John Growdon, MD, of Harvard University (USA) will build on preliminary data implicating the protein beta amyloid — better known for its role in Alzheimer’s disease — in Parkinson’s-related cognitive changes. Dr. Growdon will enroll 40 Parkinson’s patients, half of whom are experiencing cognitive impairment. Working with Pittsburgh compound B (PIB), an imaging agent developed by Alzheimer’s researchers to visualize amyloid protein accumulation in the living brain, Dr. Growdon’s team will scan the PD patients’ brains. The researchers will then follow this cohort of patients over a two-year period to determine the extent of cognitive changes undergone by each and correlate this data to the scans. The work could lead to the initial validation of amyloid as a therapeutic target of interest and potential biomarker for PD-related cognitive decline.
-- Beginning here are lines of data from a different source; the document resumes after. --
lemma (in pair_sigma_finite) integral_tensor_fun:
  fixes rs :: "(('a \<Rightarrow> real) \<times> ('b \<Rightarrow> real)) list"
  assumes "\<And>f g. (f, g) \<in> set rs \<Longrightarrow> integrable M1 f \<and> integrable M2 g"
  shows "(\<integral>p. tensor_fun rs p \<partial>(M1 \<Otimes>\<^sub>M M2))
    = (\<Sum>r\<leftarrow>rs. integral\<^sup>L M1 (fst r) * integral\<^sup>L M2 (snd r))"
proof -
  have "integrable (M1 \<Otimes>\<^sub>M M2) (tensor_fun rs) \<and> (\<integral>p. tensor_fun rs p \<partial>(M1 \<Otimes>\<^sub>M M2))
      = (\<Sum>r\<leftarrow>rs. integral\<^sup>L M1 (fst r) * integral\<^sup>L M2 (snd r))"
    using assms
  proof (induction rs)
    case Nil
    then show ?case by (simp add: tensor_fun_Nil)
  next
    case (Cons r rs)
    obtain f g where r: "r = (f, g)" by (cases r)
    have "integrable (M1 \<Otimes>\<^sub>M M2) (\<lambda>(x, y). f x * g y)"
      "(\<integral>p. (\<lambda>(x, y). f x * g y) p \<partial>(M1 \<Otimes>\<^sub>M M2)) = integral\<^sup>L M1 f * integral\<^sup>L M2 g"
      using Cons.prems r by (auto intro!: integrable_product integral_product)
    moreover have "integrable (M1 \<Otimes>\<^sub>M M2) (tensor_fun rs) \<and> (\<integral>p. tensor_fun rs p \<partial>(M1 \<Otimes>\<^sub>M M2))
      = (\<Sum>r\<leftarrow>rs. integral\<^sup>L M1 (fst r) * integral\<^sup>L M2 (snd r))"
      using Cons.prems by (intro Cons.IH) auto
    ultimately show ?case
      by (simp add: tensor_fun_Cons r Bochner_Integration.integral_add)
  qed
  then show ?thesis ..
qed

lemma bounded_range_Cc:
  assumes "f \<in> Cc"
  shows "bounded (range f)"
proof -
  let ?K = "closure {x. f x \<noteq> 0}"
  have "compact (f ` ?K)"
    using assms by (auto simp: Cc_def intro: compact_continuous_image continuous_on_subset)
  moreover have "range f \<subseteq> insert 0 (f ` ?K)"
    using closure_subset by fastforce
  ultimately show ?thesis
    by (metis bounded_insert bounded_subset compact_imp_bounded)
qed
Ben Schmand, PhD, of Academic Medical Center (The Netherlands) has been funded to extend an observational clinical study begun three years ago. His study has thus far collected a wealth of information on parkinsonism, neuropsychological status and quality of life. Dr. Schmand, who began his study with 120 people with PD and 70 controls, will now follow the remaining cohort of 90 patients and 60 controls with the objective of identifying early predictors of cognitive decline. Because preliminary data suggest that 20 percent of enrolled PD patients exhibited early cognitive impairment not observed in controls, extending the study should help detect further changes that will increase understanding of the phenomenology of cognitive changes in PD.
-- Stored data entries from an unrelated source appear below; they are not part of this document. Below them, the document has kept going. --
theorem mainTheorem9:
  fixes m N :: nat and A :: "nat \<Rightarrow> nat \<Rightarrow> real" and y x0 :: "nat \<Rightarrow> real"
    and lam q mu :: real
  assumes "N \<ge> 1"
    and "lam > 0" and "0 < q" and "q < 1"
    and "0 < mu" and "mu * Lmax m N A < 1"
  defines "x \<equiv> gaita m N A y lam q mu x0"
  shows "(\<exists>B. \<forall>n. \<forall>j<N. \<bar>x n j\<bar> \<le> B)
    \<and> (\<forall>n. (\<Sum>k\<le>n. \<Sum>j<N. (x (Suc k) j - x k j)\<^sup>2)
            \<le> 2 * mu / (1 - mu * Lmax m N A) * Tlam m N A y lam q x0)
    \<and> (\<lambda>n. sqrt (\<Sum>j<N. (x n j - x (Suc n) j)\<^sup>2)) \<longlonglongrightarrow> 0"
proof -
  let ?T = "\<lambda>n. Tlam m N A y lam q (x n)" and ?D = "\<lambda>n. \<Sum>j<N. (x (Suc n) j - x n j)\<^sup>2"
  define c where "c = (1 - mu * Lmax m N A) / (2 * mu)"
  have "0 < c" using assms(5,6) by (simp add: c_def)
  have step: "?T (Suc n) + c * ?D n \<le> ?T n" for n
    using gaita_descent[OF assms(1-5)] by (simp add: x_def c_def)
  have T_nonneg: "0 \<le> ?T n" for n using Tlam_nonneg assms(2) by simp
  have D_nonneg: "0 \<le> ?D n" for n by (simp add: sum_nonneg)
  have T0: "?T 0 = Tlam m N A y lam q x0" by (simp add: x_def)
  have "\<bar>x n j\<bar> \<le> (Tlam m N A y lam q x0 / lam) powr (1 / q)" if "j < N" for n j
  proof -
    have "?T n \<le> ?T 0"
      using decseqD[OF descent_decseq[where T = ?T and D = ?D, OF _ D_nonneg step]] \<open>0 < c\<close> by simp
    hence "(?T n / lam) powr (1 / q) \<le> (?T 0 / lam) powr (1 / q)"
      using T_nonneg assms(2,3) by (intro powr_mono2 divide_right_mono) auto
    thus ?thesis using abs_le_Tlam_powr[OF assms(2,3) that, of "x n" m A y] T0 by simp
  qed
  moreover have "(\<Sum>k\<le>n. ?D k) \<le> 2 * mu / (1 - mu * Lmax m N A) * Tlam m N A y lam q x0" for n
    using descent_partial_sums_le[where T = ?T and D = ?D, OF \<open>0 < c\<close> T_nonneg step, of n]
    by (simp add: c_def T0 mult.commute)
  moreover have "(\<lambda>n. sqrt (\<Sum>j<N. (x n j - x (Suc n) j)\<^sup>2)) \<longlonglongrightarrow> 0"
    using tendsto_real_sqrt[OF descent_tendsto_zero[where T = ?T and D = ?D, OF \<open>0 < c\<close> T_nonneg D_nonneg step]]
    by (simp add: power2_commute)
  ultimately show ?thesis by blast
qed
Connie Marras, MD, PhD, of the University of Toronto (Canada) will work to validate a well-known test for cognitive impairment, the Montreal Cognitive Assessment (MoCA), for diagnosing Parkinson’s-related cognitive changes. Currently available tests for detecting cognitive impairment are either insensitive to the specific changes that occur in Parkinson’s, test only some of the brain functions that can be impaired in PD-related dementia, and/or can be highly time-consuming. The MoCA, which takes less than 10 minutes to administer, could offer a wider window for detecting changes in PD patients. Dr. Marras will enroll 140 PD patients to take the MoCA questionnaire, whom she will then follow over time to determine the ability of MoCA to detect cognitive impairment in PD. Validation of the MoCA will provide a critical research tool needed to improve diagnosis of PD cognitive changes as well as for testing of novel therapeutics in future clinical trials.
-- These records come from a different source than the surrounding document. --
lemma vec_subspace_diff:
  assumes "vec_subspace W" "a \<in> W" "b \<in> W"
  shows "(\<lambda>v. a v - b v) \<in> W"
  using vec_subspace_add[OF assms(1,2) vec_subspace_scale[OF assms(1,3), of "-1"]] by simp

definition is_oproj :: "'a set \<Rightarrow> ('a \<Rightarrow> real) set \<Rightarrow> ('a \<Rightarrow> real) \<Rightarrow> ('a \<Rightarrow> real) \<Rightarrow> bool" where
  "is_oproj V W x p \<longleftrightarrow> p \<in> W \<and> (\<forall>w\<in>W. vinner V (\<lambda>v. x v - p v) w = 0)"

lemma is_oproj_unique:
  assumes "finite V" "W \<subseteq> vecs V" "vec_subspace W" "is_oproj V W x p" "is_oproj V W x q"
  shows "p = q"
proof -
  define d where "d = (\<lambda>v. p v - q v)"
  have "d \<in> W"
    using assms(3-5) by (simp add: d_def is_oproj_def vec_subspace_diff)
  then have "vinner V d d = vinner V (\<lambda>v. x v - q v) d - vinner V (\<lambda>v. x v - p v) d"
    by (simp add: d_def flip: vinner_diff_left)
  also have "\<dots> = 0"
    using \<open>d \<in> W\<close> assms(4,5) by (simp add: is_oproj_def)
  finally have "\<forall>v\<in>V. d v = 0"
    using vinner_self_eq_0_iff[OF assms(1)] by blast
  moreover have "p \<in> vecs V" "q \<in> vecs V"
    using assms(2,4,5) by (auto simp: is_oproj_def)
  ultimately show ?thesis
    by (fastforce simp: d_def vecs_def)
qed

lemma is_oproj_extend:
  assumes "vec_subspace W" "W0 \<subseteq> W" "f \<in> W" "vinner U f f \<noteq> 0"
    and f_orth: "\<forall>w\<in>W0. vinner U f w = 0"
    and decomp: "\<forall>w\<in>W. \<exists>k. (\<lambda>v. w v - k * f v) \<in> W0"
    and p0: "is_oproj U W0 x p0"
  shows "is_oproj U W x (\<lambda>v. p0 v + vinner U x f / vinner U f f * f v)"
proof -
  define c where "c = vinner U x f / vinner U f f"
  define r where "r = (\<lambda>v. x v - p0 v)"
  have res: "(\<lambda>v. x v - (p0 v + c * f v)) = (\<lambda>v. r v - c * f v)"
    by (simp add: r_def algebra_simps)
  have r_orth: "vinner U r w = 0" if "w \<in> W0" for w
    using p0 that by (simp add: is_oproj_def r_def)
  have "vinner U r f = vinner U x f"
    using p0 f_orth by (simp add: r_def is_oproj_def vinner_diff_left vinner_commute[of U p0 f])
  moreover have "c * vinner U f f = vinner U x f"
    using assms(4) by (simp add: c_def)
  ultimately have orth_f: "vinner U (\<lambda>v. r v - c * f v) f = 0"
    by (simp add: vinner_diff_left vinner_scale_left)
  have "vinner U (\<lambda>v. r v - c * f v) w = 0" if "w \<in> W" for w
  proof -
    obtain k where w0: "(\<lambda>v. w v - k * f v) \<in> W0"
      using decomp \<open>w \<in> W\<close> by blast
    have "vinner U (\<lambda>v. r v - c * f v) w
        = vinner U (\<lambda>v. r v - c * f v) (\<lambda>v. (w v - k * f v) + k * f v)"
      by simp
    also have "\<dots> = vinner U (\<lambda>v. r v - c * f v) (\<lambda>v. w v - k * f v)
          + k * vinner U (\<lambda>v. r v - c * f v) f"
      by (simp only: vinner_add_right vinner_scale_right)
    also have "\<dots> = 0"
    proof -
      have "vinner U (\<lambda>v. r v - c * f v) (\<lambda>v. w v - k * f v)
          = vinner U r (\<lambda>v. w v - k * f v) - c * vinner U f (\<lambda>v. w v - k * f v)"
        by (simp only: vinner_diff_left vinner_scale_left)
      then show ?thesis
        using r_orth[OF w0] f_orth w0 orth_f by simp
    qed
    finally show ?thesis .
  qed
  moreover have "(\<lambda>v. p0 v + c * f v) \<in> W"
    using assms(1-3) p0 by (auto simp: is_oproj_def intro: vec_subspace_add vec_subspace_scale)
  ultimately show ?thesis
    unfolding is_oproj_def c_def[symmetric] res by blast
qed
Celeste Napier, PhD, of Rush University (USA) will work to shed light on the pathological gambling and other problems with impulse control that may be linked to dopamine replacement therapy in PD. While dopamine is involved with both the motor and reward systems, it is unclear why some Parkinson’s patients exhibit reward-seeking behavior, particularly when taking dopaminergic drugs. Dr. Napier will combine preclinical models of Parkinson’s disease and addictive behavior with the goal of developing a preclinical model to better characterize the putative link between dopamine replacement and impulse control problems.
The selection of program awardees was made exclusively by the Foundation under its standard peer-review process. Awards duration ranges from one to three years. As with all MJFF grants, full funding is dependent on fulfillment of predetermined, specific milestones and on researchers’ agreement to make the results of their work available to the Parkinson’s research community.